■ DIRECTIONS ■
Given the entries that follow, write out exactly the lines starting at the one containing "spin (s k))^2" and ending at the one containing "(s k) + Z s)^4)", both ends included, and only those.

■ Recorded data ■
################

(* For every $n$, every graph $G=(V,E)$ on $V=\{1,\ldots,n\}$, every bilinear function $b(\mathbf x)=\sum_{ij\in E}a_{ij}x_ix_j$ with real coefficients, and every $\mathbf x\in[0,1]^n$, \[\operatorname{mcgap}[b](\mathbf x)\leqslant 600\sqrt n\,\operatorname{chgap}[b](\mathbf x).\]
   Context: Let $G=(V,E)$ be an undirected graph with $V=\{1,\ldots,n\}$; write $ij$ for the edge $\{i,j\}$. A bilinear function is $b:[0,1]^n\to\mathbb R$, $b(\mathbf x)=\sum_{ij\in E}a_{ij}x_ix_j$ with real coefficients $a_{ij}$. Its graph is $B=\{(\mathbf x,z)\in[0,1]^n\times\mathbb R: z=b(\mathbf x)\}$, and $\operatorname{conv}(B)$ is its convex hull. The McCormick polytopes are $P=\{(\mathbf x,\mathbf y)\in[0,1]^n\times[0,1]^{|E|}: y_{ij}\le x_i,\ y_{ij}\le x_j,\ y_{ij}\ge x_i+x_j-1\ \forall ij\in E\}$ and $Q=\{(\mathbf x,z)\in[0,1]^n\times\mathbb R:\exists\mathbf y\in[0,1]^{|E|}\text{ with }(\mathbf x,\mathbf y)\in P,\ z=\sum_{ij\in E}a_{ij}y_{ij}\}$. Define for $\mathbf x\in[0,1]^n$: $\operatorname{cav}[b](\mathbf x)=\max\{z:(\mathbf x,z)\in\operatorname{conv}(B)\}$, $\operatorname{vex}[b](\mathbf x)=\min\{z:(\mathbf x,z)\in\operatorname{conv}(B)\}$, $\operatorname{mcu}[b](\mathbf x)=\max\{z:(\mathbf x,z)\in Q\}$, $\operatorname{mcl}[b](\mathbf x)=\min\{z:(\mathbf x,z)\in Q\}$, the convex hull gap $\operatorname{chgap}[b]=\operatorname{cav}[b]-\operatorname{vex}[b]$ and the McCormick gap $\operatorname{mcgap}[b]=\operatorname{mcu}[b]-\operatorname{mcl}[b]$. *)

theory Defs
  imports "HOL-Analysis.Analysis"
begin

text \<open>Vertices are the elements of a finite type 'n (playing the role of {1..n}, n = CARD('n)).
  A graph is a set E of 2-element vertex sets (undirected edges ij = {i,j}).\<close>

definition simple_graph :: "('n::finite) set set \<Rightarrow> bool" where
  "simple_graph E \<longleftrightarrow> (\<forall>e\<in>E. card e = 2)"

definition unit_cube :: "(real^'n::finite) set" where
  "unit_cube = {x. \<forall>i. 0 \<le> x$i \<and> x$i \<le> 1}"

definition bil :: "('n::finite) set set \<Rightarrow> ('n set \<Rightarrow> real) \<Rightarrow> real^'n \<Rightarrow> real" where
  "bil E a x = (\<Sum>e\<in>E. a e * (\<Prod>i\<in>e. x$i))"

definition bil_graph :: "('n::finite) set set \<Rightarrow> ('n set \<Rightarrow> real) \<Rightarrow> ((real^'n) \<times> real) set" where
  "bil_graph E a = {(x, bil E a x) | x. x \<in> unit_cube}"

definition mcP :: "('n::finite) set set \<Rightarrow> ((real^'n) \<times> ('n set \<Rightarrow> real)) set" where
  "mcP E = {(x, y). x \<in> unit_cube \<and>
      (\<forall>e\<in>E. 0 \<le> y e \<and> y e \<le> 1 \<and> (\<forall>i\<in>e. y e \<le> x$i) \<and> (\<Sum>i\<in>e. x$i) - 1 \<le> y e)}"

definition mcQ :: "('n::finite) set set \<Rightarrow> ('n set \<Rightarrow> real) \<Rightarrow> ((real^'n) \<times> real) set" where
  "mcQ E a = {(x, z). \<exists>y. (x, y) \<in> mcP E \<and> z = (\<Sum>e\<in>E. a e * y e)}"

definition cav :: "('n::finite) set set \<Rightarrow> ('n set \<Rightarrow> real) \<Rightarrow> real^'n \<Rightarrow> real" where
  "cav E a x = Sup {z. (x, z) \<in> convex hull (bil_graph E a)}"

definition vex :: "('n::finite) set set \<Rightarrow> ('n set \<Rightarrow> real) \<Rightarrow> real^'n \<Rightarrow> real" where
  "vex E a x = Inf {z. (x, z) \<in> convex hull (bil_graph E a)}"

definition mcu :: "('n::finite) set set \<Rightarrow> ('n set \<Rightarrow> real) \<Rightarrow> real^'n \<Rightarrow> real" where
  "mcu E a x = Sup {z. (x, z) \<in> mcQ E a}"

definition mcl :: "('n::finite) set set \<Rightarrow> ('n set \<Rightarrow> real) \<Rightarrow> real^'n \<Rightarrow> real" where
  "mcl E a x = Inf {z. (x, z) \<in> mcQ E a}"

definition chgap :: "('n::finite) set set \<Rightarrow> ('n set \<Rightarrow> real) \<Rightarrow> real^'n \<Rightarrow> real" where
  "chgap E a x = cav E a x - vex E a x"

definition mcgap :: "('n::finite) set set \<Rightarrow> ('n set \<Rightarrow> real) \<Rightarrow> real^'n \<Rightarrow> real" where
  "mcgap E a x = mcu E a x - mcl E a x"

end

theory Submission
  imports Defs
begin

text \<open>
  Write c_e = a_e (min(x_i, x_j) - max(0, x_i + x_j - 1)) for an edge e = ij; the McCormick gap
  at x is at most the sum of the |c_e|. Rounding x to a vertex of the cube by a single uniform
  threshold, read upwards on the vertices with \<open>\<sigma>\<close> = True and downwards on the others, places
  above x a point of conv(B) whose height is a constant plus the c-weight of the
  \<open>\<sigma>\<close>-monochromatic edges. Hence the convex hull gap dominates the difference of these weights
  for any two colourings. A cut carrying half of the total |c|-weight, random signs on one of its
  sides, Khintchine's inequality with constant 1/4 and Cauchy-Schwarz produce two colourings
  whose difference is at least that total divided by 8 sqrt n.
\<close>

definition spin :: "bool \<Rightarrow> real" where
  "spin b = (if b then 1 else -1)"

lemma spin_mult_self [simp]: "spin b * spin b = 1"
  by (simp add: spin_def)

lemma spin_eq: "spin (a = b) = spin a * spin b"
  by (simp add: spin_def)

lemma sum_spin_mult_eq_0:
  fixes G :: "('n::finite \<Rightarrow> bool) \<Rightarrow> real"
  assumes "\<And>s. G (s(k := \<not> s k)) = G s"
  shows "(\<Sum>s\<in>UNIV. spin (s k) * G s) = 0"
proof -
  let ?flip = "\<lambda>s::'n \<Rightarrow> bool. s(k := \<not> s k)"
  have "(\<Sum>s\<in>UNIV. spin (s k) * G s) = (\<Sum>s\<in>UNIV. spin (?flip s k) * G (?flip s))"
    by (rule sum.reindex_bij_witness[of _ ?flip ?flip]) auto
  also have "\<dots> = (\<Sum>s\<in>UNIV. - (spin (s k) * G s))"
    by (intro sum.cong) (auto simp: assms spin_def)
  also have "\<dots> = - (\<Sum>s\<in>UNIV. spin (s k) * G s)"
    by (simp add: sum_negf)
  finally show ?thesis by simp
qed

lemma rademacher_moments:
  fixes d :: "'n::finite \<Rightarrow> real"
  assumes "finite A"
  shows "(\<Sum>s\<in>UNIV. (\<Sum>i\<in>A. d i * spin (s i))^2) = real CARD('n \<Rightarrow> bool) * (\<Sum>i\<in>A. (d i)^2)"
    and "(\<Sum>s\<in>UNIV. (\<Sum>i\<in>A. d i * spin (s i))^4) \<le> 3 * real CARD('n \<Rightarrow> bool) * (\<Sum>i\<in>A. (d i)^2)^2"
  using assms unfolding atomize_conj
proof (induction A rule: finite_induct)
  case empty
  then show ?case by simp
next
  case (insert k A)
  define Z where "Z s = (\<Sum>i\<in>A. d i * spin (s i))" for s :: "'n \<Rightarrow> bool"
  define N where "N = real CARD('n \<Rightarrow> bool)"
  define T where "T = (\<Sum>i\<in>A. (d i)^2)"
  have Z_flip: "Z (s(k := \<not> s k)) = Z s" for s
    unfolding Z_def using insert.hyps by (intro sum.cong) auto
  have odd1: "(\<Sum>s\<in>UNIV. spin (s k) * Z s) = 0"
    and odd3: "(\<Sum>s\<in>UNIV. spin (s k) * (Z s)^3) = 0"
    by (rule sum_spin_mult_eq_0, simp add: Z_flip)+
  have IH2: "(\<Sum>s\<in>UNIV. (Z s)^2) = N * T"
    and IH4: "(\<Sum>s\<in>UNIV. (Z s)^4) \<le> 3 * N * T^2"
    using insert.IH by (simp_all add: Z_def N_def T_def)
  have split: "(\<Sum>i\<in>insert k A. d i * spin (s i)) = d k * spin (s k) + Z s" for s
    using insert.hyps by (simp add: Z_def)
  have square: "(d k * spin (s k) + Z s)^2 = (d k)^2 + 2 * d k * (spin (s k) * Z s) + (Z s)^2" for s
    using spin_mult_self[of "s k"] by (simp add: power2_eq_square algebra_simps)
  have fourth: "(d k * spin (s k) + Z s)^4 = (d k)^4 + 4 * (d k)^3 * (spin (s k) * Z s)
      + 6 * (d k)^2 * (Z s)^2 + 4 * d k * (spin (s k) * (Z s)^3) + (Z s)^4" for s
  proof -
    have "(d k * spin (s k) + Z s)^4 = (d k)^4 * (spin (s k) * spin (s k))^2
        + 4 * (d k)^3 * (spin (s k) * spin (s k)) * (spin (s k) * Z s)
        + 6 * (d k)^2 * (spin (s k) * spin (s k)) * (Z s)^2 + 4 * d k * (spin (s k) * (Z s)^3) + (Z s)^4"
      by (simp add: power2_eq_square power3_eq_cube power4_eq_xxxx algebra_simps)
    then show ?thesis by simp
  qed
  have sum2: "(\<Sum>s\<in>UNIV. (d k * spin (s k) + Z s)^2) = N * (d k)^2 + N * T"
    unfolding square sum.distrib sum_distrib_left[symmetric] odd1 IH2 by (simp add: N_def)
  have sum4: "(\<Sum>s\<in>UNIV. (d k * spin (s k) + Z s)^4)
      = N * (d k)^4 + 6 * (d k)^2 * (N * T) + (\<Sum>s\<in>UNIV. (Z s)^4)"
    unfolding fourth sum.distrib sum_distrib_left[symmetric] odd1 odd3 IH2 by (simp add: N_def)
  have "0 \<le> N * (d k)^4" by (simp add: N_def)
  then have "N * (d k)^4 + 6 * (d k)^2 * (N * T) + 3 * N * T^2 \<le> 3 * N * ((d k)^2 + T)^2"
    by (simp add: power2_eq_square power4_eq_xxxx algebra_simps)
  moreover have "(\<Sum>i\<in>insert k A. (d i)^2) = (d k)^2 + T"
    using insert.hyps by (simp add: T_def)
  ultimately show ?case
    unfolding split sum2 sum4 using IH4 by (simp add: N_def algebra_simps)
qed

lemma abs_ge_quartic_minorant:
  fixes t y :: real
  assumes "t > 0"
  shows "y^2 / t - y^4 / (4 * t^3) \<le> \<bar>y\<bar>"
proof -
  define u where "u = \<bar>y\<bar>"
  have "u \<ge> 0" by (simp add: u_def)
  have key: "4 * t^2 * u^2 - u^4 \<le> 4 * t^3 * u"
  proof (cases "u \<le> t")
    case True
    have "0 \<le> u * (u^3 + 4 * t^2 * (t - u))"
      using True \<open>u \<ge> 0\<close> assms by (intro mult_nonneg_nonneg) auto
    then show ?thesis by (simp add: algebra_simps power2_eq_square power3_eq_cube power4_eq_xxxx)
  next
    case False
    have "0 \<le> (u^2 - 2 * t^2)^2 + 4 * t^3 * (u - t)"
      using False assms by (intro add_nonneg_nonneg) auto
    then show ?thesis by (simp add: algebra_simps power2_eq_square power3_eq_cube power4_eq_xxxx)
  qed
  have "y^2 / t - y^4 / (4 * t^3) = (4 * t^2 * u^2 - u^4) / (4 * t^3)"
    using assms by (simp add: u_def power2_abs field_simps power2_eq_square power3_eq_cube)
  also have "\<dots> \<le> (4 * t^3 * u) / (4 * t^3)"
    using key assms by (intro divide_right_mono) auto
  finally show ?thesis using assms by (simp add: u_def)
qed

text \<open>Integrating the quartic minorant of |y| with t the L2 norm of d against the second and
  fourth moments gives N t - 3 N t / 4.\<close>

lemma khintchine_lower:
  fixes d :: "'n::finite \<Rightarrow> real"
  shows "real CARD('n \<Rightarrow> bool) * L2_set d UNIV / 4 \<le> (\<Sum>s\<in>UNIV. \<bar>\<Sum>i\<in>UNIV. d i * spin (s i)\<bar>)"
proof -
  define N where "N = real CARD('n \<Rightarrow> bool)"
  define T where "T = (\<Sum>i\<in>UNIV. (d i)^2)"
  define t where "t = L2_set d UNIV"
  define Y where "Y s = (\<Sum>i\<in>UNIV. d i * spin (s i))" for s :: "'n \<Rightarrow> bool"
  have moments: "(\<Sum>s\<in>UNIV. (Y s)^2) = N * T" "(\<Sum>s\<in>UNIV. (Y s)^4) \<le> 3 * N * T^2"
    using rademacher_moments[of UNIV d] by (simp_all add: Y_def N_def T_def)
  show ?thesis
  proof (cases "t = 0")
    case True
    then show ?thesis by (simp add: t_def sum_nonneg)
  next
    case False
    then have "t > 0" by (simp add: t_def order_less_le)
    have "t^2 = T" by (simp add: t_def T_def L2_set_def sum_nonneg)
    have "N * t / 4 = N * T / t - 3 * N * T^2 / (4 * t^3)"
      using \<open>t > 0\<close> by (simp add: \<open>t^2 = T\<close>[symmetric] field_simps power2_eq_square power3_eq_cube)
    also have "\<dots> \<le> (\<Sum>s\<in>UNIV. (Y s)^2) / t - (\<Sum>s\<in>UNIV. (Y s)^4) / (4 * t^3)"
      using moments \<open>t > 0\<close> by (simp add: divide_right_mono)
    also have "\<dots> = (\<Sum>s\<in>UNIV. (Y s)^2 / t - (Y s)^4 / (4 * t^3))"
      by (simp add: sum_subtractf sum_divide_distrib)
    also have "\<dots> \<le> (\<Sum>s\<in>UNIV. \<bar>Y s\<bar>)"
      by (intro sum_mono abs_ge_quartic_minorant \<open>t > 0\<close>)
    finally show ?thesis by (simp add: Y_def N_def t_def)
  qed
qed

lemma exists_ge_average:
  fixes f :: "'a::finite \<Rightarrow> real"
  assumes "real CARD('a) * m \<le> (\<Sum>s\<in>UNIV. f s)"
  shows "\<exists>s. m \<le> f s"
proof (rule ccontr)
  assume "\<not> ?thesis"
  then have "(\<Sum>s\<in>UNIV. f s) < (\<Sum>s\<in>(UNIV::'a set). m)"
    by (intro sum_strict_mono) (auto simp: not_le)
  then show False using assms by simp
qed

lemma exists_signs_sum_abs_ge:
  fixes D :: "'m \<Rightarrow> 'n::finite \<Rightarrow> real"
  shows "\<exists>s. (\<Sum>j\<in>J. \<Sum>i\<in>UNIV. \<bar>D j i\<bar>)
           \<le> 4 * sqrt (real CARD('n)) * (\<Sum>j\<in>J. \<bar>\<Sum>i\<in>UNIV. D j i * spin (s i)\<bar>)"
proof -
  define N where "N = real CARD('n \<Rightarrow> bool)"
  define r where "r = sqrt (real CARD('n))"
  have "r > 0" by (simp add: r_def)
  have row: "N * (\<Sum>i\<in>UNIV. \<bar>D j i\<bar>) / (4 * r) \<le> (\<Sum>s\<in>UNIV. \<bar>\<Sum>i\<in>UNIV. D j i * spin (s i)\<bar>)" for j
  proof -
    have "(\<Sum>i\<in>UNIV. \<bar>D j i\<bar>) \<le> r * L2_set (D j) UNIV"
      using L2_set_mult_ineq[of "\<lambda>_. 1" "D j" UNIV] by (simp add: L2_set_constant r_def)
    then have "(\<Sum>i\<in>UNIV. \<bar>D j i\<bar>) / r \<le> L2_set (D j) UNIV"
      using \<open>r > 0\<close> by (simp add: divide_le_eq mult.commute)
    then have "N * ((\<Sum>i\<in>UNIV. \<bar>D j i\<bar>) / r) / 4 \<le> N * L2_set (D j) UNIV / 4"
      by (intro divide_right_mono mult_left_mono) (auto simp: N_def)
    also have "\<dots> \<le> (\<Sum>s\<in>UNIV. \<bar>\<Sum>i\<in>UNIV. D j i * spin (s i)\<bar>)"
      using khintchine_lower[of "D j"] by (simp add: N_def)
    finally show ?thesis by simp
  qed
  have "N * ((\<Sum>j\<in>J. \<Sum>i\<in>UNIV. \<bar>D j i\<bar>) / (4 * r)) = (\<Sum>j\<in>J. N * (\<Sum>i\<in>UNIV. \<bar>D j i\<bar>) / (4 * r))"
    by (simp add: sum_distrib_left sum_divide_distrib)
  also have "\<dots> \<le> (\<Sum>j\<in>J. \<Sum>s\<in>UNIV. \<bar>\<Sum>i\<in>UNIV. D j i * spin (s i)\<bar>)"
    by (intro sum_mono row)
  also have "\<dots> = (\<Sum>s\<in>UNIV. \<Sum>j\<in>J. \<bar>\<Sum>i\<in>UNIV. D j i * spin (s i)\<bar>)"
    by (rule sum.swap)
  finally obtain s where "(\<Sum>j\<in>J. \<Sum>i\<in>UNIV. \<bar>D j i\<bar>) / (4 * r) \<le> (\<Sum>j\<in>J. \<bar>\<Sum>i\<in>UNIV. D j i * spin (s i)\<bar>)"
    using exists_ge_average[of "(\<Sum>j\<in>J. \<Sum>i\<in>UNIV. \<bar>D j i\<bar>) / (4 * r)"] by (auto simp: N_def)
  then show ?thesis using \<open>r > 0\<close> by (auto simp: r_def field_simps)
qed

################

■ RESPONSE TO THIS EXERCISE ■
    have "(d k * spin (s k) + Z s)^4 = (d k)^4 * (spin (s k) * spin (s k))^2
        + 4 * (d k)^3 * (spin (s k) * spin (s k)) * (spin (s k) * Z s)
        + 6 * (d k)^2 * (spin (s k) * spin (s k)) * (Z s)^2 + 4 * d k * (spin (s k) * (Z s)^3) + (Z s)^4"
      by (simp add: power2_eq_square power3_eq_cube power4_eq_xxxx algebra_simps)
    then show ?thesis by simp
  qed
  have sum2: "(\<Sum>s\<in>UNIV. (d k * spin (s k) + Z s)^2) = N * (d k)^2 + N * T"
    unfolding square sum.distrib sum_distrib_left[symmetric] odd1 IH2 by (simp add: N_def)
  have sum4: "(\<Sum>s\<in>UNIV. (d k * spin (s k) + Z s)^4)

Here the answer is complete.